As for core gameplay changes to Ninja Gaiden 2 on the xbox, they took out all the projectiles except the shuriken and the bow and added a bazooka and made them all infinite ammo with no charging up. This change was especially strange because many areas that made use of the now gone projectile weapons or the charging up feature are either deserted or super broken. They also slightly fixed the camera to be less of a nuance which should make the game a little more accessible to newcomers.

In the end, the gameplay changes and additions are enough to make the Ninja Gaiden 2 experience seem fresh to veterans while keeping relatively close to what made Ninja Gaiden 2 such a great action game for newcomers to the sequel. Unfortunately, some of the changes really detract from the experience of trying to master the game.

Visuals:

For the most part the game looks very much like Ninja Gaiden 2 for the xbox and even plays at 1080p like it's older brother(which is rare for a ps3 game). Some textures have seen a noticeable face-lift and some really nice particle effects have been added that really give the game an awesome sense of style.

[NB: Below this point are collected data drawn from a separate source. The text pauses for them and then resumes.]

lemma graded_prime_imp_quasi_primary:
  assumes P: "graded_prime_submodule smul RG MG P"
  shows "graded_quasi_primary smul RG MG P"
proof -
  have Pg: "graded_submodule smul MG P"
    using P unfolding graded_prime_submodule_def by blast
  have "P \<subseteq> graded_M_radical smul RG MG P" unfolding graded_M_radical_def by blast
  moreover have "colon smul P \<subseteq> graded_radical RG (colon smul P)"
    by (rule graded_ideal_subset_graded_radical[OF graded_ideal_colon[OF Pg]])
  ultimately show ?thesis
    using P unfolding graded_quasi_primary_def graded_prime_submodule_def by blast
qed

lemma graded_prime_submodule_Int:
  assumes P: "graded_prime_submodule smul RG MG P" and P': "graded_prime_submodule smul RG MG P'"
    and eq: "colon smul P = colon smul P'"
  shows "graded_prime_submodule smul RG MG (P \<inter> P')"
proof -
  have "m \<in> P \<inter> P' \<or> r \<in> colon smul (P \<inter> P')"
    if "r \<in> homog RG" "m \<in> homog MG" "smul r m \<in> P \<inter> P'" for r m
    using that P P' eq unfolding graded_prime_submodule_def colon_Int by blast
  moreover have "graded_submodule smul MG (P \<inter> P')"
    using P P' graded_submodule_Int unfolding graded_prime_submodule_def by blast
  ultimately show ?thesis using P unfolding graded_prime_submodule_def by blast
qed

lemma qp_Spec_g_graded: "Q \<in> qp_Spec_g smul RG MG \<Longrightarrow> graded_submodule smul MG Q"
  unfolding qp_Spec_g_def graded_quasi_primary_def by blast

lemma qp_Spec_g_proper: "Q \<in> qp_Spec_g smul RG MG \<Longrightarrow> Q \<noteq> UNIV"
  unfolding qp_Spec_g_def graded_quasi_primary_def by blast

lemma qp_Spec_g_colon_mult_imp_rad:
  assumes Q: "Q \<in> qp_Spec_g smul RG MG" and a: "a \<in> homog RG" and b: "b \<in> homog RG"
    and ab: "a * b \<in> colon smul Q" and na: "a \<notin> rad (colon smul Q)"
  shows "b \<in> rad (colon smul Q)"
proof (rule ccontr)
  assume nb: "b \<notin> rad (colon smul Q)"
  have Qg: "graded_submodule smul MG Q" by (rule qp_Spec_g_graded[OF Q])
  have cQ: "graded_ideal RG (colon smul Q)" by (rule graded_ideal_colon[OF Qg])
  have "\<forall>n>0. b ^ n \<notin> colon smul Q" using nb unfolding rad_def by blast
  then obtain p where p: "graded_prime_ideal RG p" "colon smul Q \<subseteq> p" "b \<notin> p"
    by (rule obtain_graded_prime_ideal_avoiding_powers[OF cQ])
  obtain P where P: "P \<in> Spec_g smul RG MG" "Q \<subseteq> P" "colon smul P = p"
    using Q p unfolding qp_Spec_g_def graded_primeful_def by blast
  have qp: "\<And>r m. r \<in> homog RG \<Longrightarrow> m \<in> homog MG \<Longrightarrow> smul r m \<in> Q \<Longrightarrow>
      r \<in> graded_radical RG (colon smul Q) \<or> m \<in> graded_M_radical smul RG MG Q"
    using Q unfolding qp_Spec_g_def graded_quasi_primary_def by blast
  have "a \<notin> graded_radical RG (colon smul Q)"
    using graded_radical_homog_iff[OF graded_ideal_imp_ideal[OF cQ] a] na by blast
  moreover have "smul a (smul b m) \<in> Q" for m using ab unfolding colon_def by simp
  ultimately have "smul b m \<in> graded_M_radical smul RG MG Q" if "m \<in> homog MG" for m
    using qp[OF a homog_smul[OF b that]] by blast
  then have "smul b m \<in> P" if "m \<in> homog MG" for m
    using that P(1,2) unfolding graded_M_radical_def by blast
  moreover have "M.subspace P"
    using P(1) graded_submodule_subspace unfolding Spec_g_def graded_prime_submodule_def by blast
  ultimately have "b \<in> colon smul P" using mem_colon_if_homog by blast
  then show False using P(3) p(3) by blast
qed

lemma qp_Spec_g_rad_colon_mult:
  assumes Q: "Q \<in> qp_Spec_g smul RG MG" and a: "a \<in> homog RG" and b: "b \<in> homog RG"
    and ab: "a * b \<in> rad (colon smul Q)"
  shows "a \<in> rad (colon smul Q) \<or> b \<in> rad (colon smul Q)"
proof (rule disjCI)
  assume na: "b \<notin> rad (colon smul Q)"
  obtain k where k: "k > 0" "(a * b) ^ k \<in> colon smul Q" using ab unfolding rad_def by blast
  have "b ^ k * a ^ k \<in> colon smul Q" using k(2) by (simp add: power_mult_distrib mult.commute)
  moreover have "b ^ k \<notin> rad (colon smul Q)" using na power_in_radD k(1) by blast
  ultimately have "a ^ k \<in> rad (colon smul Q)"
    by (rule qp_Spec_g_colon_mult_imp_rad[OF Q homog_power[OF b k(1)] homog_power[OF a k(1)]])
  then show "a \<in> rad (colon smul Q)" using power_in_radD k(1) by blast
qed

section \<open>The quasi-Zariski topology\<close>

lemma qp_V_subset: "qp_V smul RG MG K \<subseteq> qp_Spec_g smul RG MG"
  unfolding qp_V_def by blast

Unfortunately, almost all the blood and gore from the original game is gone. It's just really strange seeing only the lower half of an enemy and a small puddle of blood after a battle when you totally just sliced a full human in half. Overall the game looks fantastic by taking an approach that feels more "gamey" than gritty.

Lasting Appeal:

This is where I feel Ninja Gaiden 2 really shines and was hoping to transfer over the most with Ninja Gaiden Sigma 2. Each step up in difficulty forces you to play significantly different and learn more about the combat system much like mass effect did(if you haven't played mass effect on the harder difficulties and think the combat sucks then you fail). In the xbox version, difficulty was handled by increasing the number of enemies, changing the types of enemies and very slightly increasing the damage of the enemies. This created situations where you truly felt like a master ninja after besting waves upon waves of enemies.

On the other hand, Ninja Gaiden Sigma 2 decided to keep the number of enemies the same in favour of increasing enemy health and damage even more. This significantly changes how the difficulties between the 2 games feel. Having achieved all 1250 points in the xbox version and played about 1/4 of the way through the ps3 version I feel the changes were for the worse. It becomes infuriating when a single enemy grabs you at the end of a perfect battle and instantly kills you in the ps3 version. Add to this the inability to change weapons in the new missions and I simply refused to try to get any further.

Ninja Gaiden 2 for the xbox is a game that becomes much more interesting and rewarding as the difficulty increases. I feel the ps3 version is less interesting and has a smaller sense of achievement than it's xbox counterpart. If you are willing to master the game it can eat up months. However, if you don't plan to play on higher difficulties then the game should take a modest 10-15 hours to complete.

Final Thoughts:  

Ninja Gaiden Sigma 2 is an amazing action game. The combat is top notch with amazing variety that will easily last you through 4 difficulty settings. On top of that, the game just looks great in motion.  Unfortunately, the game is flawed in several areas that hold the game back from standing above it's older brother on the xbox.

Overall, Ninja Gaiden Sigma 2 is a game best played at the lower difficulties so I highly recommend this game to anyone who wants a deep action game and isn't afraid to learn new things. The game also brings new features and changes to the original game that make it feel fresh and is probably worth another purchase for those who loved the original on the xbox. I would recommend anyone looking to conquer a mountain to instead check out the xbox version.